* PROMPT *
Go through the records below and copy out every line that contains the word "induction".

* Saved data entries *

========================================

locale stochastic_intensity_jump_process = prob_space M
  for M :: "'a measure" and J :: nat and X :: "real \<Rightarrow> 'a \<Rightarrow> nat"
    and mu :: "nat \<Rightarrow> nat \<Rightarrow> real \<Rightarrow> 'a \<Rightarrow> real" +
  assumes mu_meas: "\<And>j k t. j \<in> {0..J} \<Longrightarrow> k \<in> {0..J} \<Longrightarrow> k \<noteq> j \<Longrightarrow> t \<ge> 0 \<Longrightarrow>
      mu j k t \<in> borel_measurable M"
    and X_meas: "\<And>t. t \<ge> 0 \<Longrightarrow> X t \<in> measurable M (count_space UNIV)"
    and X_vals: "\<And>t \<omega>. t \<ge> 0 \<Longrightarrow> \<omega> \<in> space M \<Longrightarrow> X t \<omega> \<in> {0..J}"
    and markov: "\<And>t. t \<ge> 0 \<Longrightarrow>
      cond_indep M (sig M (genX M X {t<..})) (sig M (genX M X {0..t}))
        (sig M (genX M X {t} \<union> genMu M J mu {0..}))"
    and canon: "\<And>t A. t \<ge> 0 \<Longrightarrow> A \<in> sets (sig M (genX M X {0..t})) \<Longrightarrow>
      \<exists>g \<in> borel_measurable (sig M (genMu M J mu {0..t})).
        AE \<omega> in M. real_cond_exp M (sig M (genMu M J mu {0..})) (indicator A) \<omega> = g \<omega>"
begin

lemma genX_subset_sets: "T \<subseteq> {0..} \<Longrightarrow> genX M X T \<subseteq> sets M"
  unfolding genX_def using X_meas by (auto intro: measurable_sets)

lemma genMu_subset_sets: "T \<subseteq> {0..} \<Longrightarrow> genMu M J mu T \<subseteq> sets M"
  unfolding genMu_def using mu_meas by (fastforce intro: measurable_sets)

lemma X_level_set_in_past:
  assumes t: "t \<ge> 0"
  shows "{x\<in>space M. X t x = i} \<in> sets (sig M (genX M X {0..t}))"
proof -
  have gens: "genX M X {0..t} \<subseteq> sets M" by (rule genX_subset_sets) auto
  have "{x\<in>space M. X t x = i} = X t -` {i} \<inter> space M" by auto
  also have "\<dots> \<in> genX M X {0..t}" unfolding genX_def using t by (intro UN_I[of t]) auto
  finally show ?thesis by (rule rev_subsetD[OF _ generators_subset_sets_sig[OF gens]])
qed
lemma lz_curve_Ck_cong:
  assumes "lz_curve_Ck k S f" "\<And>t. t \<in> S \<Longrightarrow> f t = g t"
  shows "lz_curve_Ck k S g"
  using assms
proof (induction k arbitrary: f g)
  case 0
  then show ?case using continuous_on_cong by fastforce
next
  case (Suc k)
  have "g differentiable (at t within S)" if "t \<in> S" for t
  proof -
    have f': "(f has_vector_derivative vector_derivative f (at t within S)) (at t within S)"
      using Suc.prems(1) that vector_derivative_works by auto
    have "(g has_vector_derivative vector_derivative f (at t within S)) (at t within S)"
      by (rule has_vector_derivative_transform[OF that _ f']) (simp add: Suc.prems(2))
    then show ?thesis using differentiableI_vector by blast
  qed
  moreover have "lz_curve_Ck k S (\<lambda>t. vector_derivative g (at t within S))"
  proof (rule Suc.IH)
    show "lz_curve_Ck k S (\<lambda>t. vector_derivative f (at t within S))"
      using Suc.prems(1) by simp
    show "vector_derivative f (at t within S) = vector_derivative g (at t within S)" if "t \<in> S" for t
      by (rule vector_derivative_cong_eq) (use Suc.prems(2) that in auto)
  qed
  ultimately show ?case by simp
qed

lemma vector_derivative_within_subset:
  assumes "f differentiable (at t within S)" "S' \<subseteq> S" "t islimpt S'"
  shows "vector_derivative f (at t within S') = vector_derivative f (at t within S)"
proof (rule vector_derivative_within)
  show "at t within S' \<noteq> bot"
    using assms(3) by (simp add: trivial_limit_within)
  have "(f has_vector_derivative vector_derivative f (at t within S)) (at t within S)"
    using assms(1) vector_derivative_works by blast
  then show "(f has_vector_derivative vector_derivative f (at t within S)) (at t within S')"
    using assms(2) by (rule has_vector_derivative_within_subset)
qed

lemma lz_curve_Ck_subset:
  assumes "lz_curve_Ck k S f" "S' \<subseteq> S" "\<And>t. t \<in> S' \<Longrightarrow> t islimpt S'"
  shows "lz_curve_Ck k S' f"
  using assms(1)
proof (induction k arbitrary: f)
  case 0
  then show ?case using continuous_on_subset assms(2) by auto
next
  case (Suc k)
  have "f differentiable (at t within S')" if "t \<in> S'" for t
    using Suc.prems that assms(2) by (auto intro: differentiable_within_subset)
  moreover have "lz_curve_Ck k S' (\<lambda>t. vector_derivative f (at t within S'))"
  proof (rule lz_curve_Ck_cong)
    show "lz_curve_Ck k S' (\<lambda>t. vector_derivative f (at t within S))"
      using Suc by simp
    show "vector_derivative f (at t within S) = vector_derivative f (at t within S')" if "t \<in> S'" for t
      using Suc.prems that assms(2,3) by (auto intro!: vector_derivative_within_subset[symmetric])
  qed
  ultimately show ?case by simp
qed

section \<open>Segments of causal curves\<close>

definition chart_tangent :: "('a, 'n::finite) chart \<Rightarrow> 'a cpath \<Rightarrow> real \<Rightarrow> real^'n" where
  "chart_tangent ch \<mu> t =
     vector_derivative (snd ch \<circ> snd \<mu>) (at t within {s\<in>fst \<mu>. snd \<mu> s \<in> fst ch})"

========================================

* YOUR RESPONSE *
proof (induction k arbitrary: f g)
proof (induction k arbitrary: f)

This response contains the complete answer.